[RECORDS SUPPLIED]:
(* Let $H$ be a digraph and $\delta>0$. If $2a_S\ge|S|$ for all $S\in\mathcal S_H$, then $G(H,\delta)$ is obtained when $y_1=1$. Similarly, if $2b_S\ge|S|$ for all $S\in\mathcal S_H$, then $G(H,\delta)$ is obtained when $y_2=1$.
   Context: A digraph has no self-loops and at most one directed edge per ordered pair; degree = in-degree + out-degree; $\Delta$ is the maximum degree of $H$. $H^*$ is the induced subgraph on vertices of degree $\Delta$; $\mathcal S_H$ is the collection of independent sets of $H^*$ (including $\emptyset$). For $S\in\mathcal S_H$ let $T=\mathsf N(S)$ be the vertices outside $S$ adjacent in either direction to $S$, $\mathsf E(S,T)$ and $\mathsf E(T,S)$ the sets of edges from $S$ to $T$ and from $T$ to $S$, and $F_S$ the bipartite digraph on $S\cup T$ with edges $\mathsf E(S,T)\cup\mathsf E(T,S)$. A maximum fractional matching of $F_S$ is $w:\mathsf E(F_S)\to[0,1]$ with $\sum_{e\ni v}w(e)\le1$ for all vertices and equality for $v\in S$; $a_S=\max_w\sum_{e\in\mathsf E(S,T)}w(e)$, $b_S=\max_w\sum_{e\in\mathsf E(T,S)}w(e)$ over such $w$. $\mathsf v^+(S),\mathsf v^-(S),\mathsf v^{\pm}(S)$ count vertices of $S$ with no in-neighbours, no out-neighbours, and both, in $H$. \[ g_H(x_1,x_2,y_1,y_2)=\sum_{S\in\mathcal S_H}x_1^{\mathsf v^+(S)}x_2^{\mathsf v^-(S)}(x_1\wedge x_2)^{\mathsf v^{\pm}(S)}y_1^{a_S}y_2^{b_S}, \] \[ G(H,\delta)=\inf_{x_1,x_2\ge0,\ 0\le y_1,y_2\le1}\{x_1y_1+x_2y_2:g_H(x_1,x_2,y_1,y_2)=1+\delta\}. \] "Obtained when $y_1=1$" means restricting the infimum to $y_1=1$ does not change its value (similarly for $y_2$). *)

theory Defs
  imports Complex_Main "HOL-Library.Extended_Real"
begin

definition digraph :: "'a set \<Rightarrow> ('a \<times> 'a) set \<Rightarrow> bool" where
  "digraph V E \<longleftrightarrow> finite V \<and> E \<subseteq> V \<times> V \<and> (\<forall>v. (v, v) \<notin> E)"

definition deg :: "('a \<times> 'a) set \<Rightarrow> 'a \<Rightarrow> nat" where
  "deg E v = card {u. (v, u) \<in> E} + card {u. (u, v) \<in> E}"

definition maxdeg :: "'a set \<Rightarrow> ('a \<times> 'a) set \<Rightarrow> nat" where
  "maxdeg V E = Max (deg E ` V)"

definition Hstar :: "'a set \<Rightarrow> ('a \<times> 'a) set \<Rightarrow> 'a set" where
  "Hstar V E = {v \<in> V. deg E v = maxdeg V E}"

text \<open>\<S>_H: independent sets of the induced subgraph H* (including the empty set).\<close>
definition indep_sets :: "'a set \<Rightarrow> ('a \<times> 'a) set \<Rightarrow> 'a set set" where
  "indep_sets V E = {S. S \<subseteq> Hstar V E \<and> (\<forall>u\<in>S. \<forall>v\<in>S. (u, v) \<notin> E)}"

definition nbhd :: "'a set \<Rightarrow> ('a \<times> 'a) set \<Rightarrow> 'a set \<Rightarrow> 'a set" where
  "nbhd V E S = {v \<in> V - S. \<exists>u\<in>S. (u, v) \<in> E \<or> (v, u) \<in> E}"

definition edges_from_to :: "('a \<times> 'a) set \<Rightarrow> 'a set \<Rightarrow> 'a set \<Rightarrow> ('a \<times> 'a) set" where
  "edges_from_to E A B = {e \<in> E. fst e \<in> A \<and> snd e \<in> B}"

definition FS_edges :: "'a set \<Rightarrow> ('a \<times> 'a) set \<Rightarrow> 'a set \<Rightarrow> ('a \<times> 'a) set" where
  "FS_edges V E S = edges_from_to E S (nbhd V E S) \<union> edges_from_to E (nbhd V E S) S"

text \<open>Maximum fractional matching of F_S in the sense of the paper: weights in [0,1] on the
  edges of F_S, total weight at most 1 at every vertex of F_S, exactly 1 at every vertex of S.
  (Values of w outside the edges of F_S are irrelevant.)\<close>
definition max_frac_matching ::
    "'a set \<Rightarrow> ('a \<times> 'a) set \<Rightarrow> 'a set \<Rightarrow> ('a \<times> 'a \<Rightarrow> real) \<Rightarrow> bool" where
  "max_frac_matching V E S w \<longleftrightarrow>
     (\<forall>e\<in>FS_edges V E S. 0 \<le> w e \<and> w e \<le> 1) \<and>
     (\<forall>v\<in>S \<union> nbhd V E S. (\<Sum>e\<in>{e\<in>FS_edges V E S. fst e = v \<or> snd e = v}. w e) \<le> 1) \<and>
     (\<forall>v\<in>S. (\<Sum>e\<in>{e\<in>FS_edges V E S. fst e = v \<or> snd e = v}. w e) = 1)"

text \<open>a_S and b_S (maximum over such w; convention 0 if no such w exists, which can only
  happen in the degenerate edgeless case).\<close>
definition aS :: "'a set \<Rightarrow> ('a \<times> 'a) set \<Rightarrow> 'a set \<Rightarrow> real" where
  "aS V E S = (if {w. max_frac_matching V E S w} = {} then 0
     else Sup ((\<lambda>w. \<Sum>e\<in>edges_from_to E S (nbhd V E S). w e) ` {w. max_frac_matching V E S w}))"

definition bS :: "'a set \<Rightarrow> ('a \<times> 'a) set \<Rightarrow> 'a set \<Rightarrow> real" where
  "bS V E S = (if {w. max_frac_matching V E S w} = {} then 0
     else Sup ((\<lambda>w. \<Sum>e\<in>edges_from_to E (nbhd V E S) S. w e) ` {w. max_frac_matching V E S w}))"

definition vplus :: "('a \<times> 'a) set \<Rightarrow> 'a set \<Rightarrow> nat" where
  "vplus E S = card {v\<in>S. \<not> (\<exists>u. (u, v) \<in> E)}"

definition vminus :: "('a \<times> 'a) set \<Rightarrow> 'a set \<Rightarrow> nat" where
  "vminus E S = card {v\<in>S. \<not> (\<exists>u. (v, u) \<in> E)}"

definition vpm :: "('a \<times> 'a) set \<Rightarrow> 'a set \<Rightarrow> nat" where
  "vpm E S = card {v\<in>S. (\<exists>u. (u, v) \<in> E) \<and> (\<exists>u. (v, u) \<in> E)}"

text \<open>Real power with the convention y^0 = 1 (also for y = 0).\<close>
definition rpow :: "real \<Rightarrow> real \<Rightarrow> real" where
  "rpow y a = (if a = 0 then 1 else y powr a)"

definition gH :: "'a set \<Rightarrow> ('a \<times> 'a) set \<Rightarrow> real \<Rightarrow> real \<Rightarrow> real \<Rightarrow> real \<Rightarrow> real" where
  "gH V E x1 x2 y1 y2 =
     (\<Sum>S\<in>indep_sets V E. x1 ^ vplus E S * x2 ^ vminus E S * (min x1 x2) ^ vpm E S
                          * rpow y1 (aS V E S) * rpow y2 (bS V E S))"

definition G_feasible :: "'a set \<Rightarrow> ('a \<times> 'a) set \<Rightarrow> real \<Rightarrow> real \<Rightarrow> real \<Rightarrow> real \<Rightarrow> real \<Rightarrow> bool" where
  "G_feasible V E \<delta> x1 x2 y1 y2 \<longleftrightarrow>
     0 \<le> x1 \<and> 0 \<le> x2 \<and> 0 \<le> y1 \<and> y1 \<le> 1 \<and> 0 \<le> y2 \<and> y2 \<le> 1 \<and>
     gH V E x1 x2 y1 y2 = 1 + \<delta>"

[WHAT THE TASK ASKS]: Tally the lines above that contain "including"; give only the number.

[EXERCISE RESPONSE]: 2